Please report any bugs or feature requests through the web interface at http://rt.cpan.org.
DISCLAIMER OF WARRANTY
BECAUSE THIS SOFTWARE IS LICENSED FREE OF CHARGE, THERE IS NO WARRANTY FOR THE SOFTWARE, TO THE EXTENT PERMITTED BY APPLICABLE LAW. EXCEPT WHEN OTHERWISE STATED IN WRITING THE COPYRIGHT HOLDERS AND/OR OTHER PARTIES PROVIDE THE SOFTWARE "AS IS" WITHOUT WARRANTY OF ANY KIND, EITHER EXPRESSED OR IMPLIED, INCLUDING, BUT NOT LIMITED TO, THE IMPLIED WARRANTIES OF MERCHANTABILITY AND FITNESS FOR A PARTICULAR PURPOSE. THE ENTIRE RISK AS TO THE QUALITY AND PERFORMANCE OF THE SOFTWARE IS WITH YOU. SHOULD THE SOFTWARE PROVE DEFECTIVE, YOU ASSUME THE COST OF ALL NECESSARY SERVICING, REPAIR, OR CORRECTION.

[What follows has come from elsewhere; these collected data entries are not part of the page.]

(* There exists a finite constant $C=C(d)$ such that for any integer $\ell\ge2$ there exists a flow $\psi^\ell$ connecting $p_\ell$ to $p_{\ell-1}$, with support contained in $\Lambda_\ell$, such that $|\psi^\ell(x;b)|\le C\ell^{-d}$ for every $x\in\Lambda_\ell$ and every $b\in\mathcal B$.
   Context: $\mathcal B=\{e_1,\dots,e_d\}$ is the canonical basis of $\mathbb Z^d$; $\Lambda_\ell=\{0,1,\dots,\ell-1\}^d\subseteq\mathbb Z^d$; $p_\ell$ is the uniform probability measure on $\Lambda_\ell$. A flow is a function $\phi:\mathbb Z^d\times\mathcal B\to\mathbb R$; its support is contained in $\Lambda$ if $\phi(x;b)\ne0$ implies $\{x,x+b\}\subseteq\Lambda$. A flow $\phi$ connects $p$ to $q$ if $p(z)-q(z)=\sum_{b\in\mathcal B}(\phi(z;b)-\phi(z-b;b))$ for all $z\in\mathbb Z^d$. *)

theory Defs
  imports "HOL-Analysis.Analysis"
begin

text \<open>Points of Z^d are int vectors indexed by a finite type 'd with CARD('d) = d.
  The canonical basis vector e_i is axis i 1; a flow is a function of a point and a basis index.\<close>

definition unit_vec :: "'d::finite \<Rightarrow> int ^ 'd" where
  "unit_vec i = axis i 1"

definition box :: "int \<Rightarrow> (int ^ 'd::finite) set" where
  "box l = {x. \<forall>i. 0 \<le> x $ i \<and> x $ i < l}"

definition unif :: "int \<Rightarrow> int ^ 'd::finite \<Rightarrow> real" where
  "unif l z = (if z \<in> box l then 1 / real (card (box l :: (int ^ 'd) set)) else 0)"

definition flow_support_in :: "(int ^ 'd::finite \<Rightarrow> 'd \<Rightarrow> real) \<Rightarrow> (int ^ 'd) set \<Rightarrow> bool" where
  "flow_support_in \<phi> L \<longleftrightarrow> (\<forall>x b. \<phi> x b \<noteq> 0 \<longrightarrow> x \<in> L \<and> x + unit_vec b \<in> L)"

definition flow_connects :: "(int ^ 'd::finite \<Rightarrow> 'd \<Rightarrow> real) \<Rightarrow> (int ^ 'd \<Rightarrow> real) \<Rightarrow> (int ^ 'd \<Rightarrow> real) \<Rightarrow> bool" where
  "flow_connects \<phi> p q \<longleftrightarrow>
     (\<forall>z. p z - q z = (\<Sum>b\<in>UNIV. \<phi> z b - \<phi> (z - unit_vec b) b))"

end

theory Submission
  imports Defs
begin

text \<open>In one dimension, the cumulative sum of \<open>p\<^sub>\<ell> - p\<^sub>\<ell>\<^sub>-\<^sub>1\<close> is a flow between them of size
  at most \<open>1/\<ell>\<close>. Both \<open>p\<^sub>\<ell>\<close> and \<open>p\<^sub>\<ell>\<^sub>-\<^sub>1\<close> are product measures, and after ordering the coordinates
  the difference \<open>\<Prod>u - \<Prod>v\<close> of two products telescopes into \<open>d\<close> terms, the \<open>b\<close>-th being
  \<open>u - v\<close> in coordinate \<open>b\<close>, \<open>v\<close> in the earlier and \<open>u\<close> in the later coordinates. Replacing
  \<open>u - v\<close> by the one-dimensional flow gives a flow in direction \<open>b\<close> which is a product of \<open>d\<close>
  factors of size \<open>O(1/\<ell>)\<close>.\<close>

lemma prod_diff_telescope:
  fixes a b :: "'a \<Rightarrow> 'c::comm_ring_1" and \<rho> :: "'a \<Rightarrow> 'b::linorder"
  assumes "finite S" and "inj_on \<rho> S"
  shows "prod a S - prod b S =
    (\<Sum>k\<in>S. \<Prod>i\<in>S. if i = k then a i - b i else if \<rho> i < \<rho> k then b i else a i)"
  using assms
proof (induction S rule: finite_ranking_induct[where f = \<rho>])
  case empty
  then show ?case by simp
next
  case (insert x S)
  show ?case
  proof (cases "x \<in> S")
    case True
    then show ?thesis using insert by (simp add: insert_absorb)
  next
    case x_new: False
    have below: "\<rho> i < \<rho> x" if "i \<in> S" for i
      using insert.hyps(2)[OF that] insert.prems x_new that
      by (metis inj_on_contraD insertCI order_le_imp_less_or_eq)
    have "(\<Prod>i\<in>insert x S. if i = k then a i - b i else if \<rho> i < \<rho> k then b i else a i)
        = a x * (\<Prod>i\<in>S. if i = k then a i - b i else if \<rho> i < \<rho> k then b i else a i)"
      if "k \<in> S" for k
    proof -
      have "x \<noteq> k" "\<not> \<rho> x < \<rho> k" using that x_new below[OF that] by auto
      then show ?thesis using x_new insert.hyps(1) by simp
    qed
    moreover have "(\<Prod>i\<in>insert x S. if i = x then a i - b i else if \<rho> i < \<rho> x then b i else a i)
        = (a x - b x) * prod b S"
    proof -
      have "(\<Prod>i\<in>S. if i = x then a i - b i else if \<rho> i < \<rho> x then b i else a i) = prod b S"
        using x_new below by (intro prod.cong) auto
      then show ?thesis using x_new insert.hyps(1) by simp
    qed
    moreover have "prod a S - prod b S =
        (\<Sum>k\<in>S. \<Prod>i\<in>S. if i = k then a i - b i else if \<rho> i < \<rho> k then b i else a i)"
      using insert by (meson inj_on_subset subset_insertI)
    ultimately show ?thesis
      using x_new insert.hyps(1) by (simp add: sum_distrib_left algebra_simps)
  qed
qed

definition unif_1d :: "int \<Rightarrow> int \<Rightarrow> real" where
  "unif_1d l t = (if 0 \<le> t \<and> t < l then 1 / of_int l else 0)"

text \<open>The partial sums of \<open>unif_1d l - unif_1d (l - 1)\<close>: up to \<open>t \<in> {0..l-2}\<close> the sum is
  \<open>(t + 1) (1/l - 1/(l - 1))\<close>, and from \<open>l - 1\<close> on it vanishes since both densities have mass 1.\<close>
definition flow_1d :: "int \<Rightarrow> int \<Rightarrow> real" where
  "flow_1d l t = (if 0 \<le> t \<and> t \<le> l - 2 then - of_int (t + 1) / (of_int l * of_int (l - 1)) else 0)"

lemma flow_1d_diff:
  assumes "l \<ge> 2"
  shows "flow_1d l t - flow_1d l (t - 1) = unif_1d l t - unif_1d (l - 1) t"
proof -
  define D :: real where "D = of_int l * of_int (l - 1)"
  have "D \<noteq> 0" using assms by (simp add: D_def)
  have step: "1 / of_int l - 1 / of_int (l - 1) = - 1 / D"
    using assms by (simp add: D_def field_simps)
  consider "t < 0" | "t = 0" | "1 \<le> t \<and> t \<le> l - 2" | "t = l - 1" | "t \<ge> l"
    by linarith
  then show ?thesis
  proof cases
    case 3
    then have "flow_1d l t - flow_1d l (t - 1) = (- of_int (t + 1) - - of_int t) / D"
      by (simp add: flow_1d_def D_def diff_divide_distrib)
    then show ?thesis using 3 step by (simp add: unif_1d_def)
  next
    case 4
    then show ?thesis using assms by (simp add: flow_1d_def unif_1d_def field_simps)
  qed (use assms step in \<open>auto simp: flow_1d_def unif_1d_def D_def\<close>)
qed

lemma abs_unif_1d_le:
  assumes "l \<ge> 0"
  shows "\<bar>unif_1d l t\<bar> \<le> 1 / of_int l"
  using assms by (simp add: unif_1d_def)

lemma abs_flow_1d_le:
  assumes "l \<ge> 2"
  shows "\<bar>flow_1d l t\<bar> \<le> 1 / of_int l"
proof (cases "0 \<le> t \<and> t \<le> l - 2")
  case True
  have "of_int (t + 1) / (of_int l * of_int (l - 1)) \<le> (of_int (l - 1) :: real) / (of_int l * of_int (l - 1))"
    using True assms by (intro divide_right_mono) auto
  also have "\<dots> = 1 / of_int l" using assms by simp
  finally show ?thesis using True by (simp add: flow_1d_def add.commute)
next
  case False
  then show ?thesis using assms by (auto simp: flow_1d_def)
qed

lemma card_box:
  assumes "l \<ge> 0"
  shows "card (box l :: (int ^ 'd::finite) set) = nat l ^ CARD('d)"
proof -
  have "box l = vec_lambda ` (PiE UNIV (\<lambda>_. {0..<l}) :: ('d \<Rightarrow> int) set)"
  proof (intro set_eqI iffI)
    fix x :: "int ^ 'd"
    assume "x \<in> box l"
    then have "vec_nth x \<in> PiE UNIV (\<lambda>_. {0..<l})" by (auto simp: box_def)
    then show "x \<in> vec_lambda ` PiE UNIV (\<lambda>_. {0..<l})" by (metis image_eqI vec_nth_inverse)
  qed (auto simp: box_def)
  moreover have "inj (vec_lambda :: ('d \<Rightarrow> int) \<Rightarrow> int ^ 'd)"
    by (simp add: inj_def)
  ultimately show ?thesis
    using assms by (simp add: card_image inj_on_subset card_PiE)
qed

lemma unif_eq_prod_unif_1d: "unif l = (\<lambda>z :: int ^ 'd::finite. \<Prod>i\<in>UNIV. unif_1d l (z $ i))"
proof (rule ext)
  fix z :: "int ^ 'd"
  show "unif l z = (\<Prod>i\<in>UNIV. unif_1d l (z $ i))"
  proof (cases "z \<in> box l")
    case True
    then have "l > 0" by (auto simp: box_def intro: le_less_trans)
    have "(\<Prod>i\<in>UNIV. unif_1d l (z $ i)) = (\<Prod>i\<in>(UNIV::'d set). 1 / of_int l)"
      using True by (intro prod.cong) (auto simp: unif_1d_def box_def)
    then show ?thesis using True \<open>l > 0\<close>
      by (simp add: unif_def card_box power_one_over)
  next
    case False
    then obtain i where "\<not> (0 \<le> z $ i \<and> z $ i < l)" by (auto simp: box_def)
    then have "unif_1d l (z $ i) = 0" by (simp add: unif_1d_def)
    then show ?thesis using False by (auto simp: unif_def prod_zero_iff)
  qed
qed

definition product_flow ::
    "('d::finite \<Rightarrow> 'r::linorder) \<Rightarrow> (int \<Rightarrow> real) \<Rightarrow> (int \<Rightarrow> real) \<Rightarrow> (int \<Rightarrow> real)
      \<Rightarrow> int ^ 'd \<Rightarrow> 'd \<Rightarrow> real" where
  "product_flow \<rho> u v \<phi> x b =
     (\<Prod>i\<in>UNIV. (if i = b then \<phi> else if \<rho> i < \<rho> b then v else u) (x $ i))"

lemma product_flow_diff:
  fixes z :: "int ^ 'd::finite"
  shows "product_flow \<rho> u v \<phi> z b - product_flow \<rho> u v \<phi> (z - unit_vec b) b =
     (\<Prod>i\<in>UNIV. (if i = b then (\<lambda>t. \<phi> t - \<phi> (t - 1)) else if \<rho> i < \<rho> b then v else u) (z $ i))"
proof -
  define rest where "rest y = (\<Prod>i\<in>UNIV - {b}. (if \<rho> i < \<rho> b then v else u) (y $ i))"
    for y :: "int ^ 'd"
  have split: "(\<Prod>i\<in>UNIV. (if i = b then f else if \<rho> i < \<rho> b then v else u) (y $ i))
      = f (y $ b) * rest y" for f and y :: "int ^ 'd"
  proof -
    have "(\<Prod>i\<in>UNIV - {b}. (if i = b then f else if \<rho> i < \<rho> b then v else u) (y $ i)) = rest y"
      unfolding rest_def by (intro prod.cong) auto
    then show ?thesis by (subst prod.remove[of UNIV b]) auto
  qed
  have "rest (z - unit_vec b) = rest z"
    unfolding rest_def by (intro prod.cong) (auto simp: unit_vec_def axis_def)
  then show ?thesis
    unfolding product_flow_def split by (simp add: unit_vec_def algebra_simps)
qed

lemma flow_connects_product_flow:
  fixes \<rho> :: "'d::finite \<Rightarrow> 'r::linorder"
  assumes "inj \<rho>" and "\<And>t. \<phi> t - \<phi> (t - 1) = u t - v t"
  shows "flow_connects (product_flow \<rho> u v \<phi>) (\<lambda>z. \<Prod>i\<in>UNIV. u (z $ i)) (\<lambda>z. \<Prod>i\<in>UNIV. v (z $ i))"
  unfolding flow_connects_def
proof
  fix z :: "int ^ 'd"
  have "(\<Sum>b\<in>UNIV. product_flow \<rho> u v \<phi> z b - product_flow \<rho> u v \<phi> (z - unit_vec b) b)
      = (\<Sum>b\<in>UNIV. \<Prod>i\<in>UNIV. if i = b then u (z $ i) - v (z $ i)
                          else if \<rho> i < \<rho> b then v (z $ i) else u (z $ i))"
    unfolding product_flow_diff assms(2) by (intro sum.cong prod.cong) auto
  also have "\<dots> = (\<Prod>i\<in>UNIV. u (z $ i)) - (\<Prod>i\<in>UNIV. v (z $ i))"
    using assms(1) by (rule prod_diff_telescope[symmetric, OF finite])
  finally show "(\<Prod>i\<in>UNIV. u (z $ i)) - (\<Prod>i\<in>UNIV. v (z $ i)) =
      (\<Sum>b\<in>UNIV. product_flow \<rho> u v \<phi> z b - product_flow \<rho> u v \<phi> (z - unit_vec b) b)"
    by simp
qed

lemma flow_support_in_product_flow:
  fixes \<rho> :: "'d::finite \<Rightarrow> 'r::linorder"
  assumes "\<And>t. \<phi> t \<noteq> 0 \<Longrightarrow> 0 \<le> t \<and> t + 1 < l"
    and "\<And>t. u t \<noteq> 0 \<Longrightarrow> 0 \<le> t \<and> t < l"
    and "\<And>t. v t \<noteq> 0 \<Longrightarrow> 0 \<le> t \<and> t < l"
  shows "flow_support_in (product_flow \<rho> u v \<phi>) (box l)"
  unfolding flow_support_in_def
proof (intro allI impI)
  fix x :: "int ^ 'd" and b :: 'd
  assume "product_flow \<rho> u v \<phi> x b \<noteq> 0"
  then have factor: "(if i = b then \<phi> else if \<rho> i < \<rho> b then v else u) (x $ i) \<noteq> 0" for i
    by (auto simp: product_flow_def)
  have coord: "0 \<le> x $ i \<and> x $ i < l" and last: "x $ b + 1 < l" for i
    using assms factor[of i] factor[of b] by (fastforce split: if_splits)+
  show "x \<in> box l \<and> x + unit_vec b \<in> box l"
    using coord last by (auto simp: box_def unit_vec_def axis_def)
qed

lemma abs_product_flow_le:
  fixes x :: "int ^ 'd::finite"
  assumes "\<And>t. \<bar>\<phi> t\<bar> \<le> c" and "\<And>t. \<bar>u t\<bar> \<le> c" and "\<And>t. \<bar>v t\<bar> \<le> c"
  shows "\<bar>product_flow \<rho> u v \<phi> x b\<bar> \<le> c ^ CARD('d)"
proof -
  have "\<bar>product_flow \<rho> u v \<phi> x b\<bar>
      = (\<Prod>i\<in>UNIV. \<bar>(if i = b then \<phi> else if \<rho> i < \<rho> b then v else u) (x $ i)\<bar>)"
    by (simp add: product_flow_def abs_prod)
  also have "\<dots> \<le> (\<Prod>i\<in>(UNIV :: 'd set). c)"
    using assms by (intro prod_mono) (simp split: if_split)
  finally show ?thesis by simp
qed

theorem lemmaG1:
  "\<exists>C::real. \<forall>l::int. l \<ge> 2 \<longrightarrow>
     (\<exists>\<psi> :: int ^ 'd::finite \<Rightarrow> 'd \<Rightarrow> real.
        flow_connects \<psi> (unif l) (unif (l - 1)) \<and>
        flow_support_in \<psi> (box l) \<and>
        (\<forall>x\<in>box l. \<forall>b. \<bar>\<psi> x b\<bar> \<le> C * real_of_int l powi (- int CARD('d))))"
proof (rule exI, intro allI impI)
  fix l :: int
  assume l: "l \<ge> 2"
  obtain \<rho> :: "'d \<Rightarrow> nat" where "inj \<rho>"
    using finite_imp_inj_to_nat_seg[OF finite] by blast
  define \<psi> where "\<psi> = product_flow \<rho> (unif_1d l) (unif_1d (l - 1)) (flow_1d l)"
  have "flow_connects \<psi> (unif l) (unif (l - 1))"
    unfolding \<psi>_def unif_eq_prod_unif_1d
    using \<open>inj \<rho>\<close> flow_1d_diff[OF l] by (rule flow_connects_product_flow)
  moreover have "flow_support_in \<psi> (box l)"
    unfolding \<psi>_def
    by (rule flow_support_in_product_flow) (auto simp: flow_1d_def unif_1d_def split: if_splits)
  moreover have "\<bar>\<psi> x b\<bar> \<le> 2 ^ CARD('d) * real_of_int l powi (- int CARD('d))" for x b
  proof -
    define c :: real where "c = 2 / of_int l"
    have "1 / of_int l \<le> c" "1 / of_int (l - 1) \<le> c"
      using l by (auto simp: c_def field_simps)
    then have "\<bar>flow_1d l t\<bar> \<le> c" "\<bar>unif_1d l t\<bar> \<le> c" "\<bar>unif_1d (l - 1) t\<bar> \<le> c" for t
      using l abs_flow_1d_le[OF l, of t] abs_unif_1d_le[of l t] abs_unif_1d_le[of "l - 1" t]
      by linarith+
    then have "\<bar>\<psi> x b\<bar> \<le> c ^ CARD('d)"
      unfolding \<psi>_def by (rule abs_product_flow_le)
    then show ?thesis
      by (simp add: c_def power_int_minus power_divide divide_inverse power_inverse)
  qed
  ultimately show "\<exists>\<psi> :: int ^ 'd \<Rightarrow> 'd \<Rightarrow> real.
      flow_connects \<psi> (unif l) (unif (l - 1)) \<and> flow_support_in \<psi> (box l) \<and>
      (\<forall>x\<in>box l. \<forall>b. \<bar>\<psi> x b\<bar> \<le> 2 ^ CARD('d) * real_of_int l powi (- int CARD('d)))"
    by blast
qed

end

IN NO EVENT UNLESS REQUIRED BY APPLICABLE LAW OR AGREED TO IN WRITING WILL ANY COPYRIGHT HOLDER, OR ANY OTHER PARTY WHO MAY MODIFY AND/OR REDISTRIBUTE THE SOFTWARE AS PERMITTED BY THE ABOVE LICENCE, BE LIABLE TO YOU FOR DAMAGES, INCLUDING ANY GENERAL, SPECIAL, INCIDENTAL, OR CONSEQUENTIAL DAMAGES ARISING OUT OF THE USE OR INABILITY TO USE THE SOFTWARE (INCLUDING BUT NOT LIMITED TO LOSS OF DATA OR DATA BEING RENDERED INACCURATE OR LOSSES SUSTAINED BY YOU OR THIRD PARTIES OR A FAILURE OF THE SOFTWARE TO OPERATE WITH ANY OTHER SOFTWARE), EVEN IF SUCH HOLDER OR OTHER PARTY HAS BEEN ADVISED OF THE POSSIBILITY OF SUCH DAMAGES.